I would love to ask my grandfather what he thought of the ongoing fuck-up that is the second Iraq war. I imagine he'd have taken his time about answering, and would have said eventually that it was unfortunate. My grandfather was a Democrat to the end, cheerfully canceling my grandmother's Republican vote for seventy years. He might have opposed this war in Iraq, and he might not have. But I think he would say that if your buddy tends to drink too much, and is inclined to start a fight at a party or in a bar, you should first fight to restrain him, to stop him throwing that ill-advised punch. But once the fight is on, you should fight alongside your buddy. He would have said that once shots were fired, it no longer mattered whether you leaned to the left or the right. There were American soldiers in harm's way, and that was all that mattered. I think he would say that now war in Iraq had begun, we should stand beside our brothers and sons, sisters and daughters. I think he would say that once the war was on, we should try to win it, we should end it as quickly as possible and get the Christ out.
I can't ask my grandfather what he thought of this war, because he died a month ago, in Florida. He was 91. I hadn't seen him in five years, when I took my own little son, Elias, to meet him, a meeting the boy does not now remember, as he was just two at the time. My grandfather at 87 looked like Hemingway without a beard. Tall and still muscular, he was tan as I imagine God should be tan, with white hair on his chest. He took art and philosophy classes at the community college, and went canoeing in the Everglades, and delivered meals on wheels to seniors younger than he was, and drove a beat-up Toyota with sand on the seats, and still swam in the ocean every day. He was Atticus Finch retired to paradise; he was the man I hoped like hell to be when I was his age.

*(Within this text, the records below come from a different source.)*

(* (i) If $\nu$ is a shift-invariant ergodic Borel probability measure on $\Sigma_\alpha$ with $\nu(\{\zeta\in\Sigma_\alpha:\zeta_0=\beta\})<\frac12$, then $\nu(\phi_\alpha(B_\alpha))=1$. (ii) If $\nu$ is a shift-invariant ergodic Borel probability measure on $\Sigma_\beta$ with $\nu(\{\zeta\in\Sigma_\beta:\zeta_0=\alpha\})<\frac12$, then $\nu(\phi_\beta(B_\beta))=1$.
   Context: Fix an integer $M\ge2$ and let $D=\{\alpha_1,\dots,\alpha_M,\beta_1,\dots,\beta_M\}$. Dyck shift. Consider the monoid with zero generated by $D$ with unit $1$ and relations $\alpha_i\beta_j=\delta_{ij}$ (Kronecker delta). The two-sided Dyck shift is $\Sigma_D=\{\omega\in D^{\mathbb Z}:\omega_j\omega_{j+1}\cdots\omega_k\ne0$ in this monoid for all $j<k\}$. Height functions. Let $s(\alpha_k)=1$ and $s(\beta_k)=-1$. For $\omega\in\Sigma_D$, the integers $H_i(\omega)$, $i\in\mathbb Z$, are determined by $H_0=0$ and $H_{i+1}(\omega)-H_i(\omega)=s(\omega_i)$. The sets $B_\alpha,B_\beta$. $B_\alpha$ is the set of $\omega\in\Sigma_D$ such that for every $i\in\mathbb Z$, either $\omega_i\in\{\alpha_1,\dots,\alpha_M\}$, or $\omega_i\in\{\beta_1,\dots,\beta_M\}$ and $H_{i-j+1}(\omega)=H_{i+1}(\omega)$ for some $j\ge1$. $B_\beta$ is the set of $\omega\in\Sigma_D$ such that for every $i$, either $\omega_i\in\{\beta_1,\dots,\beta_M\}$, or $\omega_i\in\{\alpha_1,\dots,\alpha_M\}$ and $H_{i+j}(\omega)=H_i(\omega)$ for some $j\ge1$. Full shifts. $\Sigma_\alpha=\{\alpha_1,\dots,\alpha_M,\beta\}^{\mathbb Z}$ and $\Sigma_\beta=\{\alpha,\beta_1,\dots,\beta_M\}^{\mathbb Z}$ are full shifts with left shifts. $\phi_\alpha:B_\alpha\to\Sigma_\alpha$ replaces every symbol $\beta_k$ by $\beta$ (keeping $\alpha_k$). $\phi_\beta:B_\beta\to\Sigma_\beta$ replaces every $\alpha_k$ by $\alpha$ (keeping $\beta_k$). *)

theory Defs
  imports "HOL-Probability.Probability"
begin

text \<open>The Dyck alphabet D: DA k = alpha_k, DB k = beta_k, with 1 <= k <= M.\<close>
datatype dsym = DA nat | DB nat

definition Dalph :: "nat \<Rightarrow> dsym set" where
  "Dalph M = {DA k | k. 1 \<le> k \<and> k \<le> M} \<union> {DB k | k. 1 \<le> k \<and> k \<le> M}"

text \<open>Alphabet of Sigma_alpha: alpha_1..alpha_M and a single symbol beta.\<close>
datatype asym = AA nat | AB

definition Aalph :: "nat \<Rightarrow> asym set" where
  "Aalph M = {AA k | k. 1 \<le> k \<and> k \<le> M} \<union> {AB}"

text \<open>Alphabet of Sigma_beta: a single symbol alpha and beta_1..beta_M.\<close>
datatype bsym = BA | BB nat

definition Balph :: "nat \<Rightarrow> bsym set" where
  "Balph M = {BA} \<union> {BB k | k. 1 \<le> k \<and> k \<le> M}"

text \<open>Elements of the free monoid with an adjoined zero: Some w (a word) or None (zero).
  dyck_eq is the congruence generated by the relations alpha_i beta_j = delta_ij
  (delta = 1 is the empty word, delta = 0 is the zero), together with 0 x = x 0 = 0.\<close>
inductive dyck_eq :: "dsym list option \<Rightarrow> dsym list option \<Rightarrow> bool" where
  rel: "dyck_eq (Some (u @ [DA i, DB j] @ v))
          (if i = j then Some (u @ v) else None)"
| refl: "dyck_eq x x"
| sym: "dyck_eq x y \<Longrightarrow> dyck_eq y x"
| trans: "dyck_eq x y \<Longrightarrow> dyck_eq y z \<Longrightarrow> dyck_eq x z"

definition word_nonzero :: "dsym list \<Rightarrow> bool" where
  "word_nonzero w \<longleftrightarrow> \<not> dyck_eq (Some w) None"

definition Dyck_shift :: "nat \<Rightarrow> (int \<Rightarrow> dsym) set" where
  "Dyck_shift M = {\<omega>. (\<forall>i. \<omega> i \<in> Dalph M) \<and>
      (\<forall>j k. j < k \<longrightarrow> word_nonzero (map \<omega> [j..k]))}"

definition sgn_sym :: "dsym \<Rightarrow> int" where
  "sgn_sym x = (case x of DA _ \<Rightarrow> 1 | DB _ \<Rightarrow> -1)"

text \<open>Height function: H 0 = 0 and H (i+1) - H i = s(omega_i).\<close>
definition H :: "(int \<Rightarrow> dsym) \<Rightarrow> int \<Rightarrow> int" where
  "H \<omega> i = (if 0 \<le> i then (\<Sum>k\<in>{0..<i}. sgn_sym (\<omega> k))
             else - (\<Sum>k\<in>{i..<0}. sgn_sym (\<omega> k)))"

Now I look at my son and wonder what manner of war he will have to contemplate when he is twenty, or thirty. I wonder if we will simply be in a constant state of war between now and then, hopscotching from one third-world conflict to another for the sake of a Democracy hazily defined. My son's expression barely changes when the war news comes on television- I doubt his blood pressure rises at all. He speaks of Saddam and George W. as if they were cartoon villains from a movie, wildly animated and grotesque caricatures of "bad guys." And of course, that's exactly what they are. I realize that my son is much like I was. At seven he already reads one book after another, barely coming up for air between imagined worlds. And I realize that the world I prepared myself to live in, to walk and talk and breathe in, was likewise somewhat imagined. The world in my head was idealized but also righteous, beautiful, savage and very often cruel. It seemed I was prepared well enough.
I don't know how much it costs to fly from LA to Orlando these days. Four hundred dollars, maybe. Five hundred at the most. I just always believed I would get down there next year. It would be easier to take a week off from work and get down to Florida, next year. Next year I would go see my grandfather and talk to him about dogs and chess and books and life and the world of our making, and next year never came.